TASK OBJECTIVE
Of the lines listed below, return exactly those that run from the line containing "(h \<otimes> x" through the line containing "(simp add: m_assoc[symmetric])", both included.

MATERIALS PROVIDED
[Start of section]

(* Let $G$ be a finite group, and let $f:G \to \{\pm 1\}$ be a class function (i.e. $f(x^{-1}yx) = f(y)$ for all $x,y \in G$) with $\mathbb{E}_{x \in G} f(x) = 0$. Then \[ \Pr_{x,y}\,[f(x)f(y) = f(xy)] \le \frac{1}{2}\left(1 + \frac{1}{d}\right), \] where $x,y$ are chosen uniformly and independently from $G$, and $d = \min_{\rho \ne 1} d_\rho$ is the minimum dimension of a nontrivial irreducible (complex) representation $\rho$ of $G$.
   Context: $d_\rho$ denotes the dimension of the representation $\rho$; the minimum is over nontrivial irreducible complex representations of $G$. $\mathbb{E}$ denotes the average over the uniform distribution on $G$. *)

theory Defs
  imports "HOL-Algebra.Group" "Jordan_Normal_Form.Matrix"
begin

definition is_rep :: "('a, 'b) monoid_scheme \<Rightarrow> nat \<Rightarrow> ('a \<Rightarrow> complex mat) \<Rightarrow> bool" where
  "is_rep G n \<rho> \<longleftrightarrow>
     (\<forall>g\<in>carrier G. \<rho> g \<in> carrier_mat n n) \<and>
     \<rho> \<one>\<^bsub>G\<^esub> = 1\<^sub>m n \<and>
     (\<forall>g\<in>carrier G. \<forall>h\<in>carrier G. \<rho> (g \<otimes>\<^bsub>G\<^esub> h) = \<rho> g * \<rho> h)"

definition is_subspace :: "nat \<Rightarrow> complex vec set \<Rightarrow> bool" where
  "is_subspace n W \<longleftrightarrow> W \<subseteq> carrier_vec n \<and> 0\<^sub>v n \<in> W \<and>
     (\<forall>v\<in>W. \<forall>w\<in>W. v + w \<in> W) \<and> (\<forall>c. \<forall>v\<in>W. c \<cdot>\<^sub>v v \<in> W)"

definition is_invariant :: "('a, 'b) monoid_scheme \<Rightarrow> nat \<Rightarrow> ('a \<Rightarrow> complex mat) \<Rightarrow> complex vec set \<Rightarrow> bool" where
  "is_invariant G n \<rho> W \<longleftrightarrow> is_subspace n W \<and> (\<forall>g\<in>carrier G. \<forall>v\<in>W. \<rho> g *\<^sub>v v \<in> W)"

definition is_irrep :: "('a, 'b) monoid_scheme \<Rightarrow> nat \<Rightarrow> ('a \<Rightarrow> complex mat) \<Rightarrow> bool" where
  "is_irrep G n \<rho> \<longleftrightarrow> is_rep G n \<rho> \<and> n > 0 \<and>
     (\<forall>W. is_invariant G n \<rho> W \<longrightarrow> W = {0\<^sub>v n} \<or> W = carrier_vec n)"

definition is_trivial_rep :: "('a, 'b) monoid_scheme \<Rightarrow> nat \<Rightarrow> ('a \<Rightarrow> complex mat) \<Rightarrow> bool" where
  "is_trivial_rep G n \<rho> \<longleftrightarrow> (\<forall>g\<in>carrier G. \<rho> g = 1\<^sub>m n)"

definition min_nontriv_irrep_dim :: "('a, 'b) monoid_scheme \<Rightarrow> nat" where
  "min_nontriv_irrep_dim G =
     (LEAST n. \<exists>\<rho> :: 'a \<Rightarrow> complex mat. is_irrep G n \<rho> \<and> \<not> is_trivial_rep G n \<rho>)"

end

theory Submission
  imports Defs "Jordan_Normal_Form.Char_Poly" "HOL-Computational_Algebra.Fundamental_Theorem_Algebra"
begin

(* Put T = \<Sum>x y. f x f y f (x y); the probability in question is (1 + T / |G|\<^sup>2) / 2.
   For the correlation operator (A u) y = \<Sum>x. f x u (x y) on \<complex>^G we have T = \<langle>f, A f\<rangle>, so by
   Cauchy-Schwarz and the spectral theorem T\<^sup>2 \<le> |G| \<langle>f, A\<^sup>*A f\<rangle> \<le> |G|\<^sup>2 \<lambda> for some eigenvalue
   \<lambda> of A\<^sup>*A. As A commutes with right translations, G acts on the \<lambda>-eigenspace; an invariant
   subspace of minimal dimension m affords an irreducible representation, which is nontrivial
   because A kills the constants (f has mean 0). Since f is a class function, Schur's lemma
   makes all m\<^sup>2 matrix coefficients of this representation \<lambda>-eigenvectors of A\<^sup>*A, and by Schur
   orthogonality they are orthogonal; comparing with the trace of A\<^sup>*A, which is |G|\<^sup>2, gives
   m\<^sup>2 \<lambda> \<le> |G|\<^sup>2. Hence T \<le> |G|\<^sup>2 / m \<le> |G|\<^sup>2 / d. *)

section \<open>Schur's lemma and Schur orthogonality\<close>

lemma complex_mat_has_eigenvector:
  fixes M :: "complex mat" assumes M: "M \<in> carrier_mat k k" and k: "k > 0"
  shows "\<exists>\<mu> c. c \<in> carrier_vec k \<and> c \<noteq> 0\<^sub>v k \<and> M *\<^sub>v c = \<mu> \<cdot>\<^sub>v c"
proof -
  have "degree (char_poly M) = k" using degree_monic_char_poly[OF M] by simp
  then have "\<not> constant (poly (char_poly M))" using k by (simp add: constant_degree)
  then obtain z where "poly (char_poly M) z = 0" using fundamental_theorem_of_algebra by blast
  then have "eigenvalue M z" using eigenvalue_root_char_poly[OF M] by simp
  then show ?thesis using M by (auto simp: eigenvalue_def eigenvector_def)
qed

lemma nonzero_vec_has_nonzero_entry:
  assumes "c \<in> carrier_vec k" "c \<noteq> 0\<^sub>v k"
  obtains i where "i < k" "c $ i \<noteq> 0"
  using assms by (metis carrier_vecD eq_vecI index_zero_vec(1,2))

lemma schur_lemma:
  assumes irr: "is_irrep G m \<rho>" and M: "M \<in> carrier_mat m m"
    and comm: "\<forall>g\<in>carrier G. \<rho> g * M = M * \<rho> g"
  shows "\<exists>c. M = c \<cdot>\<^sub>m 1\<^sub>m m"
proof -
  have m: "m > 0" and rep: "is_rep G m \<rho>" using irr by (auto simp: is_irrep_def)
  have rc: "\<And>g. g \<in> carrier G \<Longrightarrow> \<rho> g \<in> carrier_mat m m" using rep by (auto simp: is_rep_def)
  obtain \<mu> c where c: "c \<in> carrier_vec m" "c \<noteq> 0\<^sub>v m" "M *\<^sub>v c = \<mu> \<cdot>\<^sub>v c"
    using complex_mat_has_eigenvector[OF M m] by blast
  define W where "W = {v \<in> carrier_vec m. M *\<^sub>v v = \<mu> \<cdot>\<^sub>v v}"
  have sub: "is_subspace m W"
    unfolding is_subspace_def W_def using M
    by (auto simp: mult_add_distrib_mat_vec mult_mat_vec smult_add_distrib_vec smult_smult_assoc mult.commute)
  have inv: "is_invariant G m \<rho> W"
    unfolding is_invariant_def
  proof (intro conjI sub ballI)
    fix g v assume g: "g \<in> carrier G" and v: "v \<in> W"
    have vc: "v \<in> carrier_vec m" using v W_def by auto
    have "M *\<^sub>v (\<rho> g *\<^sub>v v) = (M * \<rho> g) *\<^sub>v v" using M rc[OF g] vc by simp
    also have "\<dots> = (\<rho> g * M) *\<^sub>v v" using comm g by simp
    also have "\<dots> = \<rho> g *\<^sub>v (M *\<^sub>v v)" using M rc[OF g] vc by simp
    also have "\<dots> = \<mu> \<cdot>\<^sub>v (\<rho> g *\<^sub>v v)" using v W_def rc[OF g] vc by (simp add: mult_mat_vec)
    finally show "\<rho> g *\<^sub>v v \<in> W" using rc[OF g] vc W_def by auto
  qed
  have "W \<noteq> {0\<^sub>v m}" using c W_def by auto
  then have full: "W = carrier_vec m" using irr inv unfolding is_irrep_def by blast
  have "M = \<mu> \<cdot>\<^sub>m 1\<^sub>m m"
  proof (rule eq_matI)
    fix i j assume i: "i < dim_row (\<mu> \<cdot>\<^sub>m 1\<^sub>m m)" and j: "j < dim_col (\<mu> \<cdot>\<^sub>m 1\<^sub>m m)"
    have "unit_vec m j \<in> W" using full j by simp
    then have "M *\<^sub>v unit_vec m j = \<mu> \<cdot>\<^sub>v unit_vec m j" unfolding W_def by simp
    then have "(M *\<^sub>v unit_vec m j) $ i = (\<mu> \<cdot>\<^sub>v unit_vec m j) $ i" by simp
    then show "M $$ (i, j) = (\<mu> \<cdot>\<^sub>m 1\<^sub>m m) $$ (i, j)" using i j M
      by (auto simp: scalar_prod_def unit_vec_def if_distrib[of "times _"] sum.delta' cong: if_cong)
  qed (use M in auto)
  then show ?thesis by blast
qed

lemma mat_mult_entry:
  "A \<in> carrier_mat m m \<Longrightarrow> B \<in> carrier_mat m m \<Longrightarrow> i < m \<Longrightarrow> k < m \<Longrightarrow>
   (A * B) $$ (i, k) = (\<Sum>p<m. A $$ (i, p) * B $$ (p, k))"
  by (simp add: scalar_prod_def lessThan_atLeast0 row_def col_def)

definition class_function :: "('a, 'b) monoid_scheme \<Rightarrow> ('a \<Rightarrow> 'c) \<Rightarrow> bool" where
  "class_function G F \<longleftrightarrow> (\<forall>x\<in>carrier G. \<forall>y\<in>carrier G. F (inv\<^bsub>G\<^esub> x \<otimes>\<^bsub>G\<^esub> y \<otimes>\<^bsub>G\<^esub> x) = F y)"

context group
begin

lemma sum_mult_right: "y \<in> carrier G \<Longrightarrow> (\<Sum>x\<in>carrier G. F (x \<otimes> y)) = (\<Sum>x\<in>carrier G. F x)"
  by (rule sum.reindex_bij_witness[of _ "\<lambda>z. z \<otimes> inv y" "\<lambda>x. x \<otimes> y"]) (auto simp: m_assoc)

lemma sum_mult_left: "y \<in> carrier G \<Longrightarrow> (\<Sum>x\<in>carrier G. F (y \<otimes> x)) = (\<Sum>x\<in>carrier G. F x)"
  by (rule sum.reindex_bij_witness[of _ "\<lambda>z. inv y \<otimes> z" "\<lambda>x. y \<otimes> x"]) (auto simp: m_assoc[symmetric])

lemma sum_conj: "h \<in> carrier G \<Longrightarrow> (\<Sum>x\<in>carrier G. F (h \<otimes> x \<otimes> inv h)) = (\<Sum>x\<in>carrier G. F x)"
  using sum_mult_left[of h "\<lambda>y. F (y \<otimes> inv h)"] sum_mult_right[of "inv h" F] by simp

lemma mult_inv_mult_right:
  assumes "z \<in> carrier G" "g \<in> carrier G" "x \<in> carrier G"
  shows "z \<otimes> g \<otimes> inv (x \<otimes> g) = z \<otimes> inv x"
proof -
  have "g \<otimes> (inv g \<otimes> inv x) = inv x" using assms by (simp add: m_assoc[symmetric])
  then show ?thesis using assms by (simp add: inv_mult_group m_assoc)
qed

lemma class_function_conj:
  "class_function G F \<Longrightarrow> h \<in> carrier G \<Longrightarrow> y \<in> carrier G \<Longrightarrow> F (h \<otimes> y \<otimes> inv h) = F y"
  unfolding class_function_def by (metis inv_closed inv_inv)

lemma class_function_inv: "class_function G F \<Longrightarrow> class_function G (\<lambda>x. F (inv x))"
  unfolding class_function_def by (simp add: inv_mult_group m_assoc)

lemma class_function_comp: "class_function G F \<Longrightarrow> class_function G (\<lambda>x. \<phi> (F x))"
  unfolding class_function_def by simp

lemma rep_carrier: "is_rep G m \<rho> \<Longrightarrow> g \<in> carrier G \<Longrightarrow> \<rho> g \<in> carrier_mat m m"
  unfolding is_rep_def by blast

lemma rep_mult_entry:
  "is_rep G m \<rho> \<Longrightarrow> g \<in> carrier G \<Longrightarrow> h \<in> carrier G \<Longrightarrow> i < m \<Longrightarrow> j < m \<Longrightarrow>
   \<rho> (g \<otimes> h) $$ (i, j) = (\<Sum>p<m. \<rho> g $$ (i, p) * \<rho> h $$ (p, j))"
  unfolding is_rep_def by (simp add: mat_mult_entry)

[End of section]

REPLY
lemma sum_conj: "h \<in> carrier G \<Longrightarrow> (\<Sum>x\<in>carrier G. F (h \<otimes> x \<otimes> inv h)) = (\<Sum>x\<in>carrier G. F x)"
  using sum_mult_left[of h "\<lambda>y. F (y \<otimes> inv h)"] sum_mult_right[of "inv h" F] by simp

lemma mult_inv_mult_right:
  assumes "z \<in> carrier G" "g \<in> carrier G" "x \<in> carrier G"
  shows "z \<otimes> g \<otimes> inv (x \<otimes> g) = z \<otimes> inv x"
proof -
  have "g \<otimes> (inv g \<otimes> inv x) = inv x" using assms by (simp add: m_assoc[symmetric])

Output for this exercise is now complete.